(Records for the exercise begins)
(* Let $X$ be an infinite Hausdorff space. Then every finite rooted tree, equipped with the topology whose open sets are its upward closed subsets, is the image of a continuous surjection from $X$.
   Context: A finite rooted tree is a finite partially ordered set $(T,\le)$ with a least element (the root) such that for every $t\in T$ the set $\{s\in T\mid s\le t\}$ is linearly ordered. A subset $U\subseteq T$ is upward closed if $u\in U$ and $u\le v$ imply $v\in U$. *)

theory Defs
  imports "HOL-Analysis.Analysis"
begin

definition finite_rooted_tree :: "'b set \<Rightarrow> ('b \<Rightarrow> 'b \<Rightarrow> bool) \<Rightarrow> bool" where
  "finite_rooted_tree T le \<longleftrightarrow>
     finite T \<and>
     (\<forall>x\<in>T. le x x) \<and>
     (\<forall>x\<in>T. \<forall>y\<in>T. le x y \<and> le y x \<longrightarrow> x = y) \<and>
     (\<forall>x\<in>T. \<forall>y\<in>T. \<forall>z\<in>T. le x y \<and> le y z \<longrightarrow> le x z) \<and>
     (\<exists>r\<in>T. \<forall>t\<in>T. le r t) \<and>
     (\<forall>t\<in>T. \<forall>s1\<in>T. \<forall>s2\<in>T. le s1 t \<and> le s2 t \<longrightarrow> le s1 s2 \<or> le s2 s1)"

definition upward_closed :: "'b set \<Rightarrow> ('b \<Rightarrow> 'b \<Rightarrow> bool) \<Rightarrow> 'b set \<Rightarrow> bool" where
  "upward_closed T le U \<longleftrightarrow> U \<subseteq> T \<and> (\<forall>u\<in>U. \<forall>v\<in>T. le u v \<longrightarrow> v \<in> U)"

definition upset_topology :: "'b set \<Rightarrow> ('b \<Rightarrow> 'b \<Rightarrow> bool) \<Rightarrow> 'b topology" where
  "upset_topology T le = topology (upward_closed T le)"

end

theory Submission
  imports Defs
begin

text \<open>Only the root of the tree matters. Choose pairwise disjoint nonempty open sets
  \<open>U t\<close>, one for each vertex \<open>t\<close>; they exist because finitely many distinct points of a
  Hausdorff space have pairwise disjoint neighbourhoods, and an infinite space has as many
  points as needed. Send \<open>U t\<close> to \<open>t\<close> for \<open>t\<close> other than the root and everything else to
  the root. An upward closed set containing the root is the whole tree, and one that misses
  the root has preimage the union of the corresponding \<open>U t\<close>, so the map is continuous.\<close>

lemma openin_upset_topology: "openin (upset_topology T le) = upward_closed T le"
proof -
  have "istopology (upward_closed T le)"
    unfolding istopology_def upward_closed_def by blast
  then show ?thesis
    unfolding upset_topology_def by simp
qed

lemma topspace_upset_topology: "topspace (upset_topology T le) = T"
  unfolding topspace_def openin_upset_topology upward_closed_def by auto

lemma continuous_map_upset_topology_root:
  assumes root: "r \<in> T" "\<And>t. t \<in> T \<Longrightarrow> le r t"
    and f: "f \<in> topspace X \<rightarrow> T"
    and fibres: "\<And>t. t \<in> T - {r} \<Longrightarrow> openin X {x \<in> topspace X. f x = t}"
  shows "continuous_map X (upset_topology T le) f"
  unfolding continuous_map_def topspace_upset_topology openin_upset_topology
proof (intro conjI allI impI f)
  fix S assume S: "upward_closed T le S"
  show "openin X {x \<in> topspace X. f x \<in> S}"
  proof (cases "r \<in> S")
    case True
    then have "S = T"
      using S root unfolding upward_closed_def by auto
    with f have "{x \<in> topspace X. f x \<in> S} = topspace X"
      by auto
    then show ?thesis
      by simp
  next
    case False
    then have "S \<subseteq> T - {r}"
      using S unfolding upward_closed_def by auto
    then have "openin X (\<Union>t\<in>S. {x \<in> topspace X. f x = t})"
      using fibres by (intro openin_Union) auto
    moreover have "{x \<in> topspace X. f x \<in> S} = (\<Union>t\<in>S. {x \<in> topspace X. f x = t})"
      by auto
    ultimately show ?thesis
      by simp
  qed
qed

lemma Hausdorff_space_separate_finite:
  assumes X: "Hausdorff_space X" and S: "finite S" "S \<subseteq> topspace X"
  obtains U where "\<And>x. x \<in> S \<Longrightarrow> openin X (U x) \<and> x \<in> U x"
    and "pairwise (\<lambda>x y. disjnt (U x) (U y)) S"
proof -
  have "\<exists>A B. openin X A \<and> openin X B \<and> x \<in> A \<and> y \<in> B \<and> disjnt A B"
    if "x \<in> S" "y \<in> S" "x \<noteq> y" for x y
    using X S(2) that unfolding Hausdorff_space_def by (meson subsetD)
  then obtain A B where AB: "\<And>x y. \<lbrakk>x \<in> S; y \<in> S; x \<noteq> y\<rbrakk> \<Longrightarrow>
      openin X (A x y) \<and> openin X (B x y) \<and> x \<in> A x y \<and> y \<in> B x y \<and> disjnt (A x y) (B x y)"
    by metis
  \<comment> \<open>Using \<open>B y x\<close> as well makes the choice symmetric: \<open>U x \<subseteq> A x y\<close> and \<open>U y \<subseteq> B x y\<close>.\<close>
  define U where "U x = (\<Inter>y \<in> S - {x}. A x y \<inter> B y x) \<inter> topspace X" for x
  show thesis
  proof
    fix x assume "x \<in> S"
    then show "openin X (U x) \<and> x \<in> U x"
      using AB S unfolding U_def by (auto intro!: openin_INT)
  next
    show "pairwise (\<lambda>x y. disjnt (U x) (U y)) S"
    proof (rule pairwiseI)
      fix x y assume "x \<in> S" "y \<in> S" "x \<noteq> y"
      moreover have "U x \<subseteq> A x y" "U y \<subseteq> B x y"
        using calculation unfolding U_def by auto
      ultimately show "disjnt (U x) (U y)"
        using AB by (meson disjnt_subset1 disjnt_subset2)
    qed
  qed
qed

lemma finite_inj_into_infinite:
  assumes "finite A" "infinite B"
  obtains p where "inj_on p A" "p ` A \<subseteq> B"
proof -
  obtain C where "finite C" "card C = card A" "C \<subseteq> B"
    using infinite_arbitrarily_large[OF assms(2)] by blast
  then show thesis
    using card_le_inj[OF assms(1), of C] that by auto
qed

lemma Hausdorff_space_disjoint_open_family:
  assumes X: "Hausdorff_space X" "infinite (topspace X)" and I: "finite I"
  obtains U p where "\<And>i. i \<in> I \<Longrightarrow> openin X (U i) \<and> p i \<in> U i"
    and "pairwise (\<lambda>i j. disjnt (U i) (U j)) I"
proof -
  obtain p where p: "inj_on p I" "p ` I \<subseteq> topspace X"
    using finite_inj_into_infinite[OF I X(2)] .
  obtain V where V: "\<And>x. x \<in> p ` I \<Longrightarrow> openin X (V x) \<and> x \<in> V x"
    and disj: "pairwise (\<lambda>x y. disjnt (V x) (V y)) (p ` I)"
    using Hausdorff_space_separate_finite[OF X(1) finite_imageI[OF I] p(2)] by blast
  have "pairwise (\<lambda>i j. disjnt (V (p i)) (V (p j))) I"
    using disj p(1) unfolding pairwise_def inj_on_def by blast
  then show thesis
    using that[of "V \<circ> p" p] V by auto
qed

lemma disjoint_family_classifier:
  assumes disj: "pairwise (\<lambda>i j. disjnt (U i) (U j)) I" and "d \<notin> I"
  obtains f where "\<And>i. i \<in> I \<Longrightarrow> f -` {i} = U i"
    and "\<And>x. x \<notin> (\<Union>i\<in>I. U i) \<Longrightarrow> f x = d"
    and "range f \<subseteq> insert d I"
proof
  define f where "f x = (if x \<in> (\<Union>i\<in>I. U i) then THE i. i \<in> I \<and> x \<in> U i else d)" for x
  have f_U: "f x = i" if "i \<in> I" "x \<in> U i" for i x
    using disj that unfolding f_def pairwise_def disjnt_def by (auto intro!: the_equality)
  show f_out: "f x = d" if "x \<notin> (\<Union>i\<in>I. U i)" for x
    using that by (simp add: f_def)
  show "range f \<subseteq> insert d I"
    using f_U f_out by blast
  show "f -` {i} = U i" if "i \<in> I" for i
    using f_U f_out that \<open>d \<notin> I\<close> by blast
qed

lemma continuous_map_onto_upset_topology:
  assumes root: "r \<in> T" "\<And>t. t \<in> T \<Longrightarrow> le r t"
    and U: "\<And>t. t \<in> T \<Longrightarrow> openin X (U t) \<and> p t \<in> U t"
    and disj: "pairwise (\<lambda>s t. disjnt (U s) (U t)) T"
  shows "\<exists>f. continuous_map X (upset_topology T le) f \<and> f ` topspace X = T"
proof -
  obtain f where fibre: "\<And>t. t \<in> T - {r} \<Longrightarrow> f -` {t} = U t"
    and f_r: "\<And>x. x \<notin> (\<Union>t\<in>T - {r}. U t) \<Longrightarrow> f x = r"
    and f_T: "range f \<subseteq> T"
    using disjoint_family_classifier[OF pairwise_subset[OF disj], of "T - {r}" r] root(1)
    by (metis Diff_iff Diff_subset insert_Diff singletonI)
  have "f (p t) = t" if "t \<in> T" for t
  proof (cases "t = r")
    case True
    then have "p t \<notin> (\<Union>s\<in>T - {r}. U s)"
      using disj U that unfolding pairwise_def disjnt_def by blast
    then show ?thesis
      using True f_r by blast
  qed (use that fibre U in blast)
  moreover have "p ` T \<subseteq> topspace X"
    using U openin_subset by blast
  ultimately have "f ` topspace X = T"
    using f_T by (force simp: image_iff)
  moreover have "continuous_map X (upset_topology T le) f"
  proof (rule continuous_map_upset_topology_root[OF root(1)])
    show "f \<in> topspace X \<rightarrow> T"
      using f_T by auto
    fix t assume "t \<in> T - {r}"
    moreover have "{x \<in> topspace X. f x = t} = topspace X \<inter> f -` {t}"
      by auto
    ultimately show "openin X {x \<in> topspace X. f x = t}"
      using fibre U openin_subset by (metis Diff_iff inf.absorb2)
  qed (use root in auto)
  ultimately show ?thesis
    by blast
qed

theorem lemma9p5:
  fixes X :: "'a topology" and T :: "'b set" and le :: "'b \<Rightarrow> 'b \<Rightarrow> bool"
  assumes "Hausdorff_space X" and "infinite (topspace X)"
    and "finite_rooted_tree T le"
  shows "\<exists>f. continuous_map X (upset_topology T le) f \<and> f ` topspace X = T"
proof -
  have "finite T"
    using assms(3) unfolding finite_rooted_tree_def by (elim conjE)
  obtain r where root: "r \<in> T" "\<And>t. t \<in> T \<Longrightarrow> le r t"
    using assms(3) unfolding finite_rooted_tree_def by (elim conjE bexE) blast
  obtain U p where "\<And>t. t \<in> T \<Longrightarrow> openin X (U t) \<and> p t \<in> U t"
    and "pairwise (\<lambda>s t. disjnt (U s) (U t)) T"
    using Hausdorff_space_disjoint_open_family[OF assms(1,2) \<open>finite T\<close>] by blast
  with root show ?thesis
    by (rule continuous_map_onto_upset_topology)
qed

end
(Records for the exercise ends)
To do
When you reach the line holding "unfolding istopology_def upward_closed_def" in the records above, begin reproducing exactly, stop after the line holding "using S root", and output nothing else.

Response to the task
    unfolding istopology_def upward_closed_def by blast
  then show ?thesis
    unfolding upset_topology_def by simp
qed

lemma topspace_upset_topology: "topspace (upset_topology T le) = T"
  unfolding topspace_def openin_upset_topology upward_closed_def by auto

lemma continuous_map_upset_topology_root:
  assumes root: "r \<in> T" "\<And>t. t \<in> T \<Longrightarrow> le r t"
    and f: "f \<in> topspace X \<rightarrow> T"
    and fibres: "\<And>t. t \<in> T - {r} \<Longrightarrow> openin X {x \<in> topspace X. f x = t}"
  shows "continuous_map X (upset_topology T le) f"
  unfolding continuous_map_def topspace_upset_topology openin_upset_topology
proof (intro conjI allI impI f)
  fix S assume S: "upward_closed T le S"
  show "openin X {x \<in> topspace X. f x \<in> S}"
  proof (cases "r \<in> S")
    case True
    then have "S = T"
      using S root unfolding upward_closed_def by auto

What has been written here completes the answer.